● **Exercise brief**
Please output the section of the listing below that opens with the line containing "ennreal ((1/c) powr" and closes with the line containing "by (intro mult_mono", exactly and with nothing else.

● **Supplied data**

lemma lorentz_samples_le_integral:
  assumes "0 < n" "0 < p" "0 < \<rho>"
  shows "ennreal ((2 powr n) powr (-\<rho>/p) * (1 - 1 / 2 powr n))
           * (\<integral>\<^sup>+k. epow (lorentz_sample p n g k) \<rho> \<partial>count_space UNIV)
         \<le> (\<integral>\<^sup>+t\<in>{0<..}. epow (ennreal (t powr (1/p)) * rearr g t) \<rho> * ennreal (1/t) \<partial>lborel)"
proof -
  let ?d = "dyadic_volume n" and ?c = "(2 powr n) powr (-\<rho>/p) * (1 - 1 / 2 powr n)"
  have len: "ennreal ((2 powr n) powr (-\<rho>/p) / ?d k) * ennreal (?d k - ?d (k-1)) = ennreal ?c" for k
  proof -
    have "ennreal ((2 powr n) powr (-\<rho>/p) / ?d k) * ennreal (?d k - ?d (k-1))
        = ennreal ((2 powr n) powr (-\<rho>/p) / ?d k * (?d k - ?d (k-1)))"
      by (rule ennreal_mult''[symmetric]) (simp add: dyadic_volume_mono)
    also have "(2 powr n) powr (-\<rho>/p) / ?d k * (?d k - ?d (k-1)) = ?c"
      using dyadic_volume_step[of n k] dyadic_volume_pos[of n "k-1"] by (simp add: field_simps)
    finally show ?thesis .
  qed
  have "ennreal ?c * (\<integral>\<^sup>+k. epow (lorentz_sample p n g k) \<rho> \<partial>count_space UNIV)
      = (\<integral>\<^sup>+k. ennreal ?c * epow (lorentz_sample p n g k) \<rho> \<partial>count_space UNIV)"
    by (simp add: nn_integral_cmult)
  also have "\<dots> = (\<integral>\<^sup>+k. (ennreal ((2 powr n) powr (-\<rho>/p) / ?d k) * epow (lorentz_sample p n g k) \<rho>)
            * ennreal (?d k - ?d (k-1)) \<partial>count_space UNIV)"
    by (intro nn_integral_cong) (subst len[symmetric], simp only: ac_simps)
  also have "\<dots> \<le> (\<integral>\<^sup>+t\<in>{0<..}. epow (ennreal (t powr (1/p)) * rearr g t) \<rho> * ennreal (1/t) \<partial>lborel)"
    using assms by (intro dyadic_steps_le_nn_integral lorentz_integrand_ge_sample)
  finally show ?thesis .
qed

lemma integral_le_lorentz_samples:
  assumes "0 < n" "0 < p" "0 < \<rho>"
  shows "(\<integral>\<^sup>+t\<in>{0<..}. epow (ennreal (t powr (1/p)) * rearr g t) \<rho> * ennreal (1/t) \<partial>lborel)
         \<le> ennreal ((2 powr n) powr (\<rho>/p) * (2 powr n - 1))
           * (\<integral>\<^sup>+k. epow (lorentz_sample p n g k) \<rho> \<partial>count_space UNIV)"
proof -
  let ?d = "dyadic_volume n" and ?c = "(2 powr n) powr (\<rho>/p) * (2 powr n - 1)"
  have len: "ennreal ((2 powr n) powr (\<rho>/p) / ?d (k-1)) * ennreal (?d k - ?d (k-1)) = ennreal ?c" for k
  proof -
    have "ennreal ((2 powr n) powr (\<rho>/p) / ?d (k-1)) * ennreal (?d k - ?d (k-1))
        = ennreal ((2 powr n) powr (\<rho>/p) / ?d (k-1) * (?d k - ?d (k-1)))"
      by (rule ennreal_mult''[symmetric]) (simp add: dyadic_volume_mono)
    also have "(2 powr n) powr (\<rho>/p) / ?d (k-1) * (?d k - ?d (k-1)) = ?c"
      using dyadic_volume_step[of n k] dyadic_volume_pos[of n "k-1"] by (simp add: field_simps)
    finally show ?thesis .
  qed
  have "(\<integral>\<^sup>+t\<in>{0<..}. epow (ennreal (t powr (1/p)) * rearr g t) \<rho> * ennreal (1/t) \<partial>lborel)
      \<le> (\<integral>\<^sup>+k. (ennreal ((2 powr n) powr (\<rho>/p) / ?d (k-1)) * epow (lorentz_sample p n g (k-1)) \<rho>)
            * ennreal (?d k - ?d (k-1)) \<partial>count_space UNIV)"
    using assms by (intro nn_integral_le_dyadic_steps lorentz_integrand_le_sample)
  also have "\<dots> = (\<integral>\<^sup>+k. ennreal ?c * epow (lorentz_sample p n g (k-1)) \<rho> \<partial>count_space UNIV)"
    by (intro nn_integral_cong) (subst len[symmetric], simp only: ac_simps)
  also have "\<dots> = ennreal ?c * (\<integral>\<^sup>+k. epow (lorentz_sample p n g (k-1)) \<rho> \<partial>count_space UNIV)"
    by (simp add: nn_integral_cmult)
  also have "(\<integral>\<^sup>+k. epow (lorentz_sample p n g (k-1)) \<rho> \<partial>count_space UNIV)
      = (\<integral>\<^sup>+k. epow (lorentz_sample p n g k) \<rho> \<partial>count_space UNIV)"
    by (rule nn_integral_bij_count_space[where g="\<lambda>k. k - 1"])
      (auto simp: bij_betw_def inj_on_def image_iff intro!: exI[of _ "x + 1" for x])
  finally show ?thesis .
qed

lemma lr_norm_lorentz_samples_le:
  assumes "0 < n" "0 < p" "0 < r"
  shows "\<exists>C>0. \<forall>g::'a::euclidean_space \<Rightarrow> real. lr_norm r (lorentz_sample p n g) \<le> ennreal C * lorentz_norm p r g"
proof (cases "r = \<infinity>")
  case True
  have "lorentz_sample p n g k \<le> lorentz_norm p r g" for g :: "'a \<Rightarrow> real" and k
    using True dyadic_volume_pos[of n k] unfolding lorentz_norm_def lorentz_sample_def
    by (auto intro!: SUP_upper)
  then show ?thesis
    using True by (intro exI[of _ 1]) (simp add: lr_norm_def SUP_le_iff)
next
  case False
  define \<rho> where "\<rho> = enn2real r"
  have \<rho>: "0 < \<rho>" using assms False by (simp add: \<rho>_def enn2real_positive_finite)
  define c where "c = (2 powr n) powr (-\<rho>/p) * (1 - 1 / 2 powr n)"
  have c: "0 < c" using assms by (simp add: c_def)
  have "lr_norm r (lorentz_sample p n g) \<le> ennreal ((1/c) powr (1/\<rho>)) * lorentz_norm p r g"
    for g :: "'a \<Rightarrow> real"
  proof -
    have "(\<integral>\<^sup>+k. epow (lorentz_sample p n g k) \<rho> \<partial>count_space UNIV)
        \<le> ennreal (1/c) * (\<integral>\<^sup>+t\<in>{0<..}. epow (ennreal (t powr (1/p)) * rearr g t) \<rho> * ennreal (1/t) \<partial>lborel)"
      using lorentz_samples_le_integral[OF assms(1,2) \<rho>, of g] c
      unfolding c_def[symmetric] by (rule ennreal_le_divide_of_mult_le)
    then show ?thesis
      using False \<rho> c by (simp add: lr_norm_def lorentz_norm_def \<rho>_def[symmetric] epow_mono epow_cmult
          flip: epow_cmult)
  qed
  then show ?thesis
    using c by (intro exI[of _ "(1/c) powr (1/\<rho>)"]) auto
qed

lemma lorentz_norm_le_lr_norm_samples:
  assumes "0 < n" "0 < p" "0 < r"
  shows "\<exists>C>0. \<forall>g::'a::euclidean_space \<Rightarrow> real. lorentz_norm p r g \<le> ennreal C * lr_norm r (lorentz_sample p n g)"
proof (cases "r = \<infinity>")
  case True
  let ?N = "(2 powr n) powr (1/p)"
  have "ennreal (t powr (1/p)) * rearr g t \<le> ennreal ?N * lr_norm r (lorentz_sample p n g)"
    if "0 < t" for g :: "'a \<Rightarrow> real" and t
  proof -
    let ?k = "dyadic_index n t" and ?d = "dyadic_volume n"
    have t: "?d (?k - 1) < t" "t \<le> ?d ?k"
      using mem_dyadic_interval_iff[OF assms(1), of t ?k] that by auto
    have "ennreal (t powr (1/p)) * rearr g t \<le> ennreal (?d ?k powr (1/p)) * rearr g (?d (?k - 1))"
      using t assms dyadic_volume_pos[of n "?k - 1"]
      by (intro mult_mono ennreal_leI powr_mono2 rearr_antimono) auto
    also have "\<dots> = ennreal ?N * lorentz_sample p n g (?k - 1)"
      using dyadic_volume_step[of n ?k] dyadic_volume_pos[of n "?k - 1"]
      by (simp add: lorentz_sample_def powr_mult ennreal_mult mult.assoc)
    also have "\<dots> \<le> ennreal ?N * lr_norm r (lorentz_sample p n g)"
      using True by (intro mult_left_mono) (auto simp: lr_norm_def intro!: SUP_upper)
    finally show ?thesis .
  qed
  then show ?thesis
    using True by (intro exI[of _ ?N]) (auto simp: lorentz_norm_def intro!: SUP_least)
next
  case False
  define \<rho> where "\<rho> = enn2real r"
  have \<rho>: "0 < \<rho>" using assms False by (simp add: \<rho>_def enn2real_positive_finite)
  define c where "c = (2 powr n) powr (\<rho>/p) * (2 powr n - 1)"
  have c: "0 < c" using assms by (simp add: c_def)
  have "lorentz_norm p r g \<le> ennreal (c powr (1/\<rho>)) * lr_norm r (lorentz_sample p n g)"
    for g :: "'a \<Rightarrow> real"
    using False \<rho> c integral_le_lorentz_samples[OF assms(1,2) \<rho>, of g]
    by (simp add: lr_norm_def lorentz_norm_def \<rho>_def[symmetric] c_def epow_mono flip: epow_cmult)
  then show ?thesis
    using c by (intro exI[of _ "c powr (1/\<rho>)"]) auto
qed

● **Written solution**
  have "lr_norm r (lorentz_sample p n g) \<le> ennreal ((1/c) powr (1/\<rho>)) * lorentz_norm p r g"
    for g :: "'a \<Rightarrow> real"
  proof -
    have "(\<integral>\<^sup>+k. epow (lorentz_sample p n g k) \<rho> \<partial>count_space UNIV)
        \<le> ennreal (1/c) * (\<integral>\<^sup>+t\<in>{0<..}. epow (ennreal (t powr (1/p)) * rearr g t) \<rho> * ennreal (1/t) \<partial>lborel)"
      using lorentz_samples_le_integral[OF assms(1,2) \<rho>, of g] c
      unfolding c_def[symmetric] by (rule ennreal_le_divide_of_mult_le)
    then show ?thesis
      using False \<rho> c by (simp add: lr_norm_def lorentz_norm_def \<rho>_def[symmetric] epow_mono epow_cmult
          flip: epow_cmult)
  qed
  then show ?thesis
    using c by (intro exI[of _ "(1/c) powr (1/\<rho>)"]) auto
qed

lemma lorentz_norm_le_lr_norm_samples:
  assumes "0 < n" "0 < p" "0 < r"
  shows "\<exists>C>0. \<forall>g::'a::euclidean_space \<Rightarrow> real. lorentz_norm p r g \<le> ennreal C * lr_norm r (lorentz_sample p n g)"
proof (cases "r = \<infinity>")
  case True
  let ?N = "(2 powr n) powr (1/p)"
  have "ennreal (t powr (1/p)) * rearr g t \<le> ennreal ?N * lr_norm r (lorentz_sample p n g)"
    if "0 < t" for g :: "'a \<Rightarrow> real" and t
  proof -
    let ?k = "dyadic_index n t" and ?d = "dyadic_volume n"
    have t: "?d (?k - 1) < t" "t \<le> ?d ?k"
      using mem_dyadic_interval_iff[OF assms(1), of t ?k] that by auto
    have "ennreal (t powr (1/p)) * rearr g t \<le> ennreal (?d ?k powr (1/p)) * rearr g (?d (?k - 1))"
      using t assms dyadic_volume_pos[of n "?k - 1"]
      by (intro mult_mono ennreal_leI powr_mono2 rearr_antimono) auto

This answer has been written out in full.